In other words, Fermenteria is not simply telling a new story about brewing — it has also restructured its cost model. The ambition is not to sell new sake, but to create the conditions under which a new kind of brewery can exist. That is where the practical strength of this business lies.
In this sense, Fermenteria does not sit comfortably in the category of "an interesting challenge from a young company."
Reading the regulations. Selecting the location. Reorganising the structure around the value being delivered. That process is already underway — which is precisely why it can be seen not merely as something novel, but as a functioning model.
THE PRODUCTS ARE NOT SCATTERED. EVERYTHING EXISTS TO OPEN "THE INSIDE OF THE BREWERY."
From the outside, Fermenteria's range of offerings — craft sake, non-alcoholic fermented beverages, sparkling products, Sake Rice Risotto Kits — may appear to be a variety of separate initiatives. But when viewed through Isawa's explanation, they are not separate at all.
"Sake Baby" — one of Fermenteria's signature products.
Each of them is positioned under the same philosophy: opening up "freshness," "experience," and "the value that existed inside the brewery" to the outside world.
The Sake Rice Risotto Kit is one such offering.
To read it simply as diversification into food products is to misunderstand its scope. There is, of course, a meaning in delivering sake rice in the form of food, and in creating a new product pathway. But more importantly, it sits in the same lineage of thinking: taking the food culture and sensibility that existed inside the brewery, and delivering it in a form that people can bring home.
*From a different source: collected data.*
lemma quadrangulation_active_on_face:
  assumes "quadrangulation V E rot" "v \<in> V" "E w a"
    and "gdist E v a = Suc i" "gdist E v (rot w a) \<le> i"
  obtains c f where "active V E v i c" "c \<noteq> w" "f \<in> faces E rot"
    "w \<in> face_vertices f" "c \<in> face_vertices f"
proof -
  let ?d = "gdist E v"
  have sg: "simple_graph V E" and cg: "connected_graph V E" and bg: "bipartite_graph V E"
    using assms(1) unfolding quadrangulation_def plane_graph_def by auto
  define b c where "b = rot w a" and "c = rot b w"
  note face = quadrangulation_face_cycle[OF assms(1) simple_graph_edgeD(3)[OF sg assms(3)],
      folded b_def c_def]
  note dist_edge = gdist_edge_le[OF sg cg assms(2)]
  have "?d c \<le> Suc i"
    using dist_edge[OF face(1)] assms(5) b_def by simp
  moreover have "i \<le> ?d c"
    using dist_edge[OF face(2)] assms(4) by simp
  moreover have "?d c \<noteq> Suc i"
    using gdist_edge_neq[OF sg cg bg assms(2) face(2)] assms(4) by simp
  ultimately have "c \<in> layer V E v i"
    using simple_graph_edgeD(1)[OF sg face(2)] by (simp add: layer_def)
  moreover have "a \<in> layer V E v (Suc i)"
    using simple_graph_edgeD(2)[OF sg face(2)] assms(4) by (simp add: layer_def)
  ultimately have "active V E v i c"
    using face(2) unfolding active_def by blast
  with face(3-5) show ?thesis by (intro that) auto
qed

theorem lemma2p4:
  fixes V :: "'v set" and E :: "'v \<Rightarrow> 'v \<Rightarrow> bool" and rot :: "'v \<Rightarrow> 'v \<Rightarrow> 'v"
    and v w :: 'v and i :: nat
  assumes "quadrangulation V E rot"
    and "v \<in> V"
    and "1 \<le> i" and "i \<le> ecc V E v - 1"
    and "active V E v i w"
  shows "\<exists>w'. active V E v i w' \<and> w' \<noteq> w \<and>
           (\<exists>f\<in>faces E rot. w \<in> face_vertices f \<and> w' \<in> face_vertices f)"
proof -
  let ?d = "gdist E v"
  have sg: "simple_graph V E" and cg: "connected_graph V E" and rs: "rotation_system V E rot"
    using assms(1) unfolding quadrangulation_def plane_graph_def by auto
  obtain x where "w \<in> V" "?d w = i" "E w x" "?d x = Suc i"
    using assms(5) unfolding active_def layer_def by blast
  have "?d w = Suc (i - 1)" using \<open>?d w = i\<close> assms(3) by simp
  then obtain y where "E w y" "?d y \<le> i - 1"
    by (rule gdist_Suc_predecessor[OF sg cg assms(2) \<open>w \<in> V\<close>])
  then have "?d y \<noteq> Suc i" by simp
  with \<open>?d x = Suc i\<close> obtain a where "E w a" "?d a = Suc i" "?d (rot w a) \<noteq> Suc i"
    by (rule rotation_system_change[OF rs \<open>w \<in> V\<close> \<open>E w x\<close> \<open>E w y\<close>, where P = "\<lambda>z. ?d z = Suc i"])
  moreover have "?d (rot w a) \<le> Suc i"
    using gdist_edge_le[OF sg cg assms(2) rotation_system_neighbour[OF rs \<open>w \<in> V\<close> \<open>E w a\<close>]]
      \<open>?d w = i\<close> by simp
  ultimately have "?d (rot w a) \<le> i" by simp
  then obtain c f where "active V E v i c" "c \<noteq> w" "f \<in> faces E rot"
    "w \<in> face_vertices f" "c \<in> face_vertices f"
    by (rule quadrangulation_active_on_face[OF assms(1,2) \<open>E w a\<close> \<open>?d a = Suc i\<close>])
  then show ?thesis by blast
qed

end
lemma mem_supp_iff_lorentz: "valid_oc C \<Longrightarrow> x \<in> supp C \<longleftrightarrow> lorentz (wcoord C) (point_vec x) = 0"
proof (induction C)
  case (OCirc c r)
  then have "x \<in> supp (OCirc c r) \<longleftrightarrow> r\<^sup>2 = (dist c x)\<^sup>2"
    using power2_eq_iff_nonneg[of "dist c x" "\<bar>r\<bar>"] by auto
  then show ?case
    using OCirc lorentz_wcoord_OCirc_point_vec[of r c x] by simp
next
  case (OLine h m)
  then show ?case by (auto simp: lorentz_point_vec inner_vec2 field_simps)
qed

lemma mem_oint_iff_lorentz: "valid_oc C \<Longrightarrow> x \<in> oint C \<longleftrightarrow> lorentz (wcoord C) (point_vec x) > 0"
proof (induction C)
  case (OCirc c r)
  have "dist c x < r \<longleftrightarrow> (dist c x)\<^sup>2 < r\<^sup>2" if "r > 0"
    using that power_less_imp_less_base[of "dist c x" 2 r] power_strict_mono[of "dist c x" r 2] by auto
  moreover have "- r < dist c x \<longleftrightarrow> r\<^sup>2 < (dist c x)\<^sup>2" if "r < 0"
    using that power_less_imp_less_base[of "- r" 2 "dist c x"] power_strict_mono[of "- r" "dist c x" 2]
    by auto
  ultimately show ?case
    using OCirc lorentz_wcoord_OCirc_point_vec[of r c x]
    by (auto simp: zero_less_divide_iff not_le)
next
  case (OLine h m)
  then show ?case by (auto simp: lorentz_point_vec inner_vec2 field_simps)
qed

lemma wcoord_orev: "wcoord (orev C) = - wcoord C"
  by (cases C) (simp_all add: vec_eq_iff forall_4 vec4_def)

lemma orev_simps [simp]:
  "valid_oc (orev C) = valid_oc C" "supp (orev C) = supp C" "is_line (orev C) = is_line C"
  "orev (orev C) = C"
  by (cases C; simp)+

lemma orev_neq: "valid_oc C \<Longrightarrow> orev C \<noteq> C"
proof (cases C)
  case (OLine h m)
  moreover assume "valid_oc C"
  ultimately have "h \<noteq> 0" by auto
  then have "- h \<noteq> h" by (auto simp: vec_eq_iff)
  then show ?thesis using OLine by simp
qed auto

lemma is_line_iff_wcoord: "valid_oc C \<Longrightarrow> is_line C \<longleftrightarrow> wcoord C $ 2 = 0"
  by (cases C) auto

lemma ex_wcoord_eq:
  assumes "lorentz v v = 1/2" obtains C where "valid_oc C" "wcoord C = v"
proof (cases "v$2 = 0")
  case True
  define h where "h = (vector [v$3, v$4] :: real^2)"
  have "v$3 ^ 2 + v$4 ^ 2 = 1"
    using True assms by (simp add: lorentz_def power2_eq_square)
  then have "(norm h)\<^sup>2 = 1" by (simp add: norm_vec2_sq h_def)
  then have "norm h = 1" using norm_ge_zero[of h] by (auto simp: power2_eq_1_iff)
  moreover have "wcoord (OLine h (v$1 / 2)) = v"
    using True by (simp add: h_def vec_eq_iff forall_4)
  ultimately show ?thesis using that[of "OLine h (v$1 / 2)"] by simp
next
  case False
  have e: "v$3 ^ 2 + v$4 ^ 2 - 1 = v$1 * v$2"
    using assms by (simp add: lorentz_def field_simps power2_eq_square)
  define c where "c = (vector [v$3 / v$2, v$4 / v$2] :: real^2)"
  have "wcoord (OCirc c (1 / v$2)) = v"
    unfolding wcoord_OCirc using False e
    by (simp add: c_def vec_eq_iff forall_4 field_simps power2_eq_square)
  then show ?thesis using False that[of "OCirc c (1 / v$2)"] by simp
qed

lemma wcoord_inj:
  assumes "valid_oc C" "valid_oc C'" "wcoord C = wcoord C'" shows "C = C'"
proof -
  have e: "wcoord C $ k = wcoord C' $ k" for k using assms(3) by simp
  show ?thesis
  proof (cases C; cases C')
    fix c r c' r' assume C: "C = OCirc c r" "C' = OCirc c' r'"
    then have "r = r'" using e[of 2] by simp
    moreover have "c$1 = c'$1" "c$2 = c'$2"
      using e[of 3] e[of 4] C assms \<open>r = r'\<close> by auto
    ultimately show ?thesis using C by (simp add: vec_eq_iff forall_2)
  next
    fix h m h' m' assume C: "C = OLine h m" "C' = OLine h' m'"
    then have "m = m'" "h$1 = h'$1" "h$2 = h'$2" using e[of 1] e[of 3] e[of 4] by auto
    then show ?thesis using C by (simp add: vec_eq_iff forall_2)
  qed (use e[of 2] assms in auto)
qed

lemma vanishing_on_circle_imp_multiple:
  assumes "r \<noteq> 0" and vanish: "\<And>x. dist c x = \<bar>r\<bar> \<Longrightarrow> lorentz v (point_vec x) = 0"
  shows "\<exists>s. v = s *\<^sub>R wcoord (OCirc c r)"
proof -
  define a b where "a = c$1" and "b = c$2"
  define p where "p y1 y2 = (vector [a + y1, b + y2] :: real^2)" for y1 y2
  have on_circle: "dist c (p y1 y2) = \<bar>r\<bar>" if "y1\<^sup>2 + y2\<^sup>2 = r\<^sup>2" for y1 y2
  proof -
    have "(dist c (p y1 y2))\<^sup>2 = \<bar>r\<bar>\<^sup>2"
      using that by (simp add: dist_norm norm_vec2_sq p_def a_def b_def power2_commute)
    then show ?thesis using power2_eq_iff_nonneg[of "dist c (p y1 y2)" "\<bar>r\<bar>"] by simp
  qed
  have f: "lorentz v (point_vec (p y1 y2)) =
      -(v$1 + v$2 * ((a + y1)\<^sup>2 + (b + y2)\<^sup>2)) / 4 + (v$3 * (a + y1) + v$4 * (b + y2)) / 2" for y1 y2
    by (simp add: lorentz_point_vec p_def)
  have e: "lorentz v (point_vec (p r 0)) = 0" "lorentz v (point_vec (p (- r) 0)) = 0"
       "lorentz v (point_vec (p 0 r)) = 0" "lorentz v (point_vec (p 0 (- r))) = 0"
    by (simp_all add: vanish on_circle)
  have "lorentz v (point_vec (p r 0)) - lorentz v (point_vec (p (- r) 0)) = r * (v$3 - v$2 * a)"
    unfolding f by (simp add: field_simps power2_eq_square)
  then have v3: "v$3 = v$2 * a" using e assms(1) by simp
  have "lorentz v (point_vec (p 0 r)) - lorentz v (point_vec (p 0 (- r))) = r * (v$4 - v$2 * b)"
    unfolding f by (simp add: field_simps power2_eq_square)
  then have v4: "v$4 = v$2 * b" using e assms(1) by simp
  have "lorentz v (point_vec (p r 0)) + lorentz v (point_vec (p (- r) 0))
      = -(v$1 + v$2 * (a\<^sup>2 + r\<^sup>2 + b\<^sup>2)) / 2 + v$3 * a + v$4 * b"
    unfolding f by (simp add: field_simps power2_eq_square)
  then have v1: "v$1 = v$2 * (a\<^sup>2 + b\<^sup>2 - r\<^sup>2)"
    using e v3 v4 by (simp add: field_simps power2_eq_square)
  have "v = (v$2 * r) *\<^sub>R wcoord (OCirc c r)"
    unfolding wcoord_OCirc using assms(1) v1 v3 v4
    by (simp add: vec_eq_iff forall_4 a_def b_def field_simps) (metis distrib_left)
  then show ?thesis ..
qed
theorem lemma4p4:
  fixes I :: nat and F E :: "(nat \<times> nat) set"
  assumes "I \<ge> 2"
    and "saturated I I F"
    and "E \<subseteq> {1..I+1} \<times> {1..I+1}"
    and "F \<inter> E = {}"
  shows "saturated (I+1) (I+1) (F \<union> E) \<longleftrightarrow>
           (card E = 2 \<and> (\<forall>(i,j)\<in>E. i = I+1 \<or> j = I+1) \<and>
            margA (F \<union> E) (I+1) \<ge> 1 \<and> margB (F \<union> E) (I+1) \<ge> 1)"
proof -
  have I: "I \<ge> 1" "I+1 \<ge> 1" using assms(1) by auto
  have F: "fraction I I F" "card F = I+I-1" "rigid I I F"
    using assms(2) saturated_iff_rigid[OF I(1) I(1)] by auto
  have F_grid: "F \<subseteq> {1..I} \<times> {1..I}" using F(1) unfolding fraction_def .
  have finite: "finite F" "finite E" "finite (F \<union> E)"
    using F(1) fraction_finite finite_subset[OF assms(3)] by auto
  have card_union: "card (F \<union> E) = card F + card E"
    using card_Un_disjoint[OF finite(1,2) assms(4)] .
  have fraction: "fraction (I+1) (I+1) (F \<union> E)"
    using F_grid assms(3) unfolding fraction_def by auto
  have new_row: "(\<exists>j. (I+1, j) \<in> F \<union> E) \<longleftrightarrow> (\<exists>j. (I+1, j) \<in> E)"
    and new_col: "(\<exists>i. (i, I+1) \<in> F \<union> E) \<longleftrightarrow> (\<exists>i. (i, I+1) \<in> E)"
    using F_grid by auto
  show ?thesis
  proof
    assume "saturated (I+1) (I+1) (F \<union> E)"
    then have card: "card (F \<union> E) = (I+1)+(I+1)-1" and rigid: "rigid (I+1) (I+1) (F \<union> E)"
      and interpolating: "interpolating (F \<union> E)"
      using saturated_iff_rigid[OF I(2) I(2)] saturated_interpolating[OF I(2) I(2)] by auto
    have card_E: "card E = 2" using card card_union F(2) I by simp
    have old: "(F \<union> E) \<inter> ({1..I} \<times> {1..I}) \<subseteq> F"
      using interpolating_rigid_subgrid[OF interpolating _ F(3)] by blast
    have lines: "\<forall>(i,j)\<in>E. i = I+1 \<or> j = I+1"
    proof (clarify)
      fix i j assume ij: "(i,j) \<in> E" "j \<noteq> I+1"
      then have "(i,j) \<notin> {1..I} \<times> {1..I}" using old assms(4) by blast
      with ij assms(3) show "i = I+1" by auto
    qed
    have "margA (F \<union> E) (I+1) \<ge> 1" "margB (F \<union> E) (I+1) \<ge> 1"
      using rigid_row_hit[OF rigid, of "I+1"] rigid_col_hit[OF rigid, of "I+1"] I
        margA_pos_iff[OF finite(3)] margB_pos_iff[OF finite(3)] by auto
    with card_E lines show "card E = 2 \<and> (\<forall>(i,j)\<in>E. i = I+1 \<or> j = I+1) \<and>
        margA (F \<union> E) (I+1) \<ge> 1 \<and> margB (F \<union> E) (I+1) \<ge> 1" by blast
  next
    assume "card E = 2 \<and> (\<forall>(i,j)\<in>E. i = I+1 \<or> j = I+1) \<and>
        margA (F \<union> E) (I+1) \<ge> 1 \<and> margB (F \<union> E) (I+1) \<ge> 1"
    then have card_E: "card E = 2" and lines: "\<forall>(i,j)\<in>E. i = I+1 \<or> j = I+1"
      and "\<exists>b. (I+1, b) \<in> E" "\<exists>c. (c, I+1) \<in> E"
      using new_row new_col margA_pos_iff[OF finite(3)] margB_pos_iff[OF finite(3)] by blast+
    then obtain b c where b: "(I+1, b) \<in> E" and c: "(c, I+1) \<in> E" by blast
    obtain b' c' where "(I+1, b') \<in> E" "(c', I+1) \<in> E" "b' \<le> I \<or> c' \<le> I"
      using two_points_attach[OF card_E b c lines assms(3)] .
    moreover have "b' \<in> {1..I+1}" "c' \<in> {1..I+1}" using calculation(1,2) assms(3) by auto
    ultimately have "rigid (I+1) (I+1) (F \<union> E)"
      using rigid_add_corner[OF F(3), of "F \<union> E" b' c'] I by simp
    moreover have "card (F \<union> E) = (I+1)+(I+1)-1" using card_union F(2) card_E I by simp
    ultimately show "saturated (I+1) (I+1) (F \<union> E)"
      using saturated_iff_rigid[OF I(2) I(2)] fraction by blast
  qed
qed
The Sake Rice Risotto Kit is better understood as a symbolic product — a translation of the culture from inside the brewery, made tangible for daily life — rather than as repurposing of surplus ingredients.
Accordingly, Fermenteria's product range, while appearing to span different categories, is in fact quite unified. Whatever the product category, each one is a different answer to the same question: how do we deliver the value of sake culture that exists beyond the bottle?
AS A "CONTAINER" THAT CREATES COMMUNITY CONNECTIONS, HOW FAR CAN IT EXPAND?
When considering Fermenteria's future, the focus should not be on the success of any single product or any single location. The core lies rather in its structure as a "container for micro local brewing."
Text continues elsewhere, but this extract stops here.